Note that, although ISO 8601 is expressed in terms of the Gregorian calendar, it can be used to represent values in any calendar system. The presentation of date and time values to end users using different calendar and timekeeping systems is separate from the lexical representation, as the time value can be converted to an incremental time and then new field values computed for some other calendar or time keeping system that uses alternate rules.

Time Zone Identifiers

The most definitive reference for identifying sets of time zone rules is the TZ database (also known as the "Olson time zone database" [tzinfo]), which is used by systems such as various commercial UNIX operating systems, Linux, Java, CLDR, ICU, and many other systems and libraries. Other systems exist: for example, Microsoft Windows uses its own data set and identifiers.
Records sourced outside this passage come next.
lemma monomial_matrix_extend_id:
  assumes "monomial_matrix n P"
  shows "monomial_matrix (n + m) (mat_extend_id n m P)"
proof -
  obtain \<sigma> d where \<sigma>: "\<sigma> permutes {..<n}" and d: "\<forall>i<n. d i \<noteq> 0"
    and P: "\<And>i j. P i j = (if i < n \<and> j < n \<and> j = \<sigma> i then d i else 0)"
    using assms unfolding monomial_matrix_def by blast
  define e where "e i = (if i < n then d i else 1)" for i
  have \<sigma>_lt: "\<sigma> i < n" if "i < n" for i
    using permutes_in_image[OF \<sigma>] that by auto
  have \<sigma>_fix: "\<sigma> i = i" if "\<not> i < n" for i
    using permutes_not_in[OF \<sigma>] that by auto
  have "\<sigma> permutes {..<n + m}"
    using permutes_subset[OF \<sigma>] by auto
  moreover have "\<forall>i<n + m. e i \<noteq> 0"
    using d by (simp add: e_def)
  moreover have "\<forall>i j. mat_extend_id n m P i j = (if i < n + m \<and> j < n + m \<and> j = \<sigma> i then e i else 0)"
    using \<sigma>_lt \<sigma>_fix by (auto simp: mat_extend_id_def P e_def)
  ultimately show ?thesis
    unfolding monomial_matrix_def by blast
qed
In the TZ database, time zones are given IDs that typically consist of a region and exemplar city. An exemplar city is a city in the time zone in question that should be well-known to people using the time zone. Some systems, such as Apple Inc.'s MacOS, provide additional exemplar cities. For example, the U.S. Pacific time zone has a TZ database ID of "America/Los_Angeles". The TZ database also supplies aliases for many IDs; for example, "Asia/Ulan Bator" is equivalent to "Asia/Ulaanbaatar". The Common Locale Data Repository [CLDR] can be used to provide a localized form for the IDs: see Appendix J in [UAX 35].

Identifying Zone from Offset and Country

Most countries are either small enough in area or, for practical reasons, choose to observe only a single time zone for the entire country. This means that knowing the country of the user is frequently sufficient to identify the time zone of the user as well. Only twenty countries have more than one observed time zone. These countries are:

Argentina, Australia, Brazil, Canada, Chile, Democratic Republic of the Congo, Ecuador, France, Greenland, Indonesia, Kazakhstan, Kiribati, Mexico, Micronesia, Mongolia, New Zealand, Portugal, Russia, Spain, and the United States.
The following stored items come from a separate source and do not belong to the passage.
lemma population_fst_eq_iff:
  assumes "population f n P" "z \<in> P" "w \<in> P"
  shows "fst (f z) = fst (f w) \<longleftrightarrow> z = w"
proof
  assume "fst (f z) = fst (f w)"
  moreover from this have "snd (f z) = snd (f w)"
    using population_fst_less_iff[OF assms] population_fst_less_iff[OF assms(1,3,2)]
    by (metis less_irrefl linorder_neqE_nat)
  ultimately show "z = w"
    using assms unfolding population_def inj_on_def by (simp add: prod_eq_iff)
qed simp

lemma population_inj_fst: "population f n P \<Longrightarrow> inj_on (\<lambda>z. fst (f z)) P"
  by (auto intro: inj_onI simp: population_fst_eq_iff)

lemma population_inj_snd: "population f n P \<Longrightarrow> inj_on (\<lambda>z. snd (f z)) P"
  by (rule inj_onI) (metis population_fst_eq_iff population_fst_less_iff linorder_neqE_nat less_irrefl)

definition front_step :: "biobj \<Rightarrow> bitstr \<Rightarrow> bitstr \<Rightarrow> bool" where
  "front_step f a b \<longleftrightarrow> fst (f b) = fst (f a) + 1 \<and> snd (f a) = snd (f b) + 1"

lemma front_step_unique:
  "front_step f a y \<Longrightarrow> front_step f b y \<Longrightarrow> f a = f b"
  "front_step f y a \<Longrightarrow> front_step f y b \<Longrightarrow> f a = f b"
  by (simp_all add: front_step_def prod_eq_iff)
Some special cases exist within this list:

  • Countries with maritime or overseas possessions Chile, Ecuador, France, New Zealand, and Portugal each have islands or other wide-ranging geographic areas far from the main part of the country. For example, Easter Island is part of Chile, the Galapagos Islands are part of Ecuador, and the Azores are part of Portugal. These offshore possessions are the source of additional time zones in each of these countries.
    • France France is a special case of the above. There are several regions that are part of France from a legal perspective (although each of them has its own ISO 3166-1 code). These include Reunion Island and French Guiana. Additionally, French Polynesia is divided into three time zones.

Within each of the countries that observe multiple time zones, knowing the current offset and current time will usually allow you to determine the time zone accurately. An exception to this is the United States: there exist some regions, such as Arizona, whose time zone cannot be determined strictly from country and offset, although an inferred time zone will always work for current time applications (not future and past times).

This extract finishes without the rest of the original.